VAIDS

Friday, May 19, 2017

Why striving for perfection needs to be messy

Sometimes our greatest strengths hold us back rather than propel us.  It’s something I’ve learned as I shift, like so many, towards a more digital way of working.


I pride myself on being someone who strives for perfection with the minimum of fuss, an impatient perfectionist.  Few appreciate the concept of perfection better than those of us in the pharmaceutical industry.  Every day our teams collaborate towards one overarching purpose –improving people’s lives with the most effective treatments possible.  As I’ve written before, we have to get it right.
We’re trained to be cautious and methodical, reasoned and certain, motivated by proof points and accustomed to long lead times.  We need to ensure that the data is certain, the i’s and t’s dotted and crossed before we progress.  However, operating within a digital environment is not always conducive to such a structured process.  Digital is disruptive, it thrives on risk and failure, it’s messy but liberatingly so.

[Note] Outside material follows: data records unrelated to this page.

lemma exists_ear_color_word:
  fixes c :: "'a set \<Rightarrow> nat"
  assumes fin: "finite E" and ear: "strict_ear E xs" and long: "r + 2 \<le> length xs"
    and "3 \<le> r" "3 \<le> k" and deg: "\<forall>w\<in>set xs. degree E w \<le> k"
  obtains cs where "length cs = length xs - 1" "set cs \<subseteq> {..<k}" "successively (\<noteq>) cs"
    "min r k \<le> card (set cs)"
    "hd cs \<notin> c ` {f \<in> {e \<in> E. e \<inter> ear_interior xs = {}}. hd xs \<in> f}"
    "last cs \<notin> c ` {f \<in> {e \<in> E. e \<inter> ear_interior xs = {}}. last xs \<in> f}"
proof -
  let ?E' = "{e \<in> E. e \<inter> ear_interior xs = {}}"
  define L where "L = length xs - 1"
  have L: "r + 1 \<le> L" "length xs = Suc L" using long unfolding L_def by auto
  have removed: "E - ?E' = ear_edge xs ` {..<L}"
    using strict_ear_removed_edges[OF fin ear] L \<open>3 \<le> r\<close> unfolding L_def by auto
  have "xs \<noteq> []" using L by auto
  then have ends: "hd xs \<in> ear_edge xs 0" "last xs \<in> ear_edge xs (L - 1)"
    "hd xs \<in> set xs" "last xs \<in> set xs" "0 < L"
    using L by (simp_all add: ear_edge_def hd_conv_nth last_conv_nth)
  have sub: "?E' \<subseteq> E" by blast
  have removed_ends: "ear_edge xs 0 \<in> E - ?E'" "ear_edge xs (L - 1) \<in> E - ?E'"
    unfolding removed using ends(5) by simp_all
  have deg_ends: "degree E (hd xs) \<le> k" "degree E (last xs) \<le> k"
    using deg ends(3,4) by blast+
  obtain \<alpha> where \<alpha>: "\<alpha> < k" "\<alpha> \<notin> c ` {f \<in> ?E'. hd xs \<in> f}"
    by (rule exists_color_missing_at[OF fin sub removed_ends(1) ends(1) deg_ends(1)])
  obtain \<beta> where \<beta>: "\<beta> < k" "\<beta> \<notin> c ` {f \<in> ?E'. last xs \<in> f}"
    by (rule exists_color_missing_at[OF fin sub removed_ends(2) ends(2) deg_ends(2)])
  obtain cs where cs: "length cs = L" "hd cs = \<alpha>" "last cs = \<beta>" "set cs \<subseteq> {..<k}"
    "successively (\<noteq>) cs" "min r k \<le> card (set cs)"
  proof (rule exists_color_word[of "min r k" k L \<alpha> \<beta>])
    show "3 \<le> min r k" "min r k \<le> k" "min r k < L"
      using L(1) \<open>3 \<le> r\<close> \<open>3 \<le> k\<close> by simp_all
  qed (use \<alpha>(1) \<beta>(1) in simp_all)
  then show ?thesis using that \<alpha>(2) \<beta>(2) unfolding L_def by blast
qed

And in my journey to become a digital leader, I’ve come to realise how important it is to embrace imperfection and uncertainty, to measure and use data with more spontaneity.  Instead of always being definite about what works, I now need to sometimes figure it out as I go along.
For instance, we are about to embark on a pioneering new scheme for our inhalers by fitting them with smart technology.  Even though we are confident in the need for such technology, its true potential is not yet clearly defined.  Like our MyAsthma app I’ve mentioned before, rather than designing the soluti
ons all internally, we will be learning them by getting out there to see what works with patients.
Unusually for our industry, we will make broadly available something whose effect has not been perfected in-house.  Instead, we’ll monitor the technology attached to an inhaler’s progress as ‘real’ people experience it in their ‘real’ lives, and each day of use will make its digital capabilities better and more responsive.  To ensure that happens, the mind set of my respiratory teams must be one of willing experimentation rather than satisfied perfection.
And, as a leader, I will need to explore the paradox of my perfectionist yet impatient instincts.  By seeing dead ends not as mistakes but as steps closer to success, I will have to embrace some chaos and imperfection.  And by being more agile and iterative, gradually testing approaches rather than insisting upon certainties, I will embrace unpredictability and my impatience too.
In the pharma industry, we tend to focus on what we define as a problem and its solution.  However, by reframing those problems with a wider perspective - utilising digital technology to challenge assumptions - we can learn with greater clarity about our patients’ lives and how we can better serve them.

With this more creative way of working - in which there might initially be minimal viability in products, and solutions are more complex to attain - everyone is pushed out of their comfort zones.  To become a digital leader, it’s imperative that I empower individuals to express themselves.  Allow them to feel uncomfortable, encourage them to iterate and pivot, loosen the shackles to inspire more courageous entrepreneurial attitudes rather than constraining them with perfectionist aspirations.
Digital compels me and my teams to be in a perpetual state of never quite dotting all the i’s and crossing all the t’s.  We need to be open to new ideas and willing to fail - or at least not fearing it.
The real world is messy and most scientists don't like mess.  Experiments are conducted in a controlled manner where all the parts are in place and the variables measured.  In the digital world, we can't control everything and nor should we seek to, something I appreciate from my background in behavioural science.

The more we embrace the innovative ways digital tools are able to address problems, the more intuitive we become as leaders, scientists and businesspeople.  By using technology to forge closer connections with our patients and customers, we’ll gain deeper and more meaningful insights into their problems and behaviours.
That doesn’t mean we should stop striving for perfection, we just need to achieve it in a different way.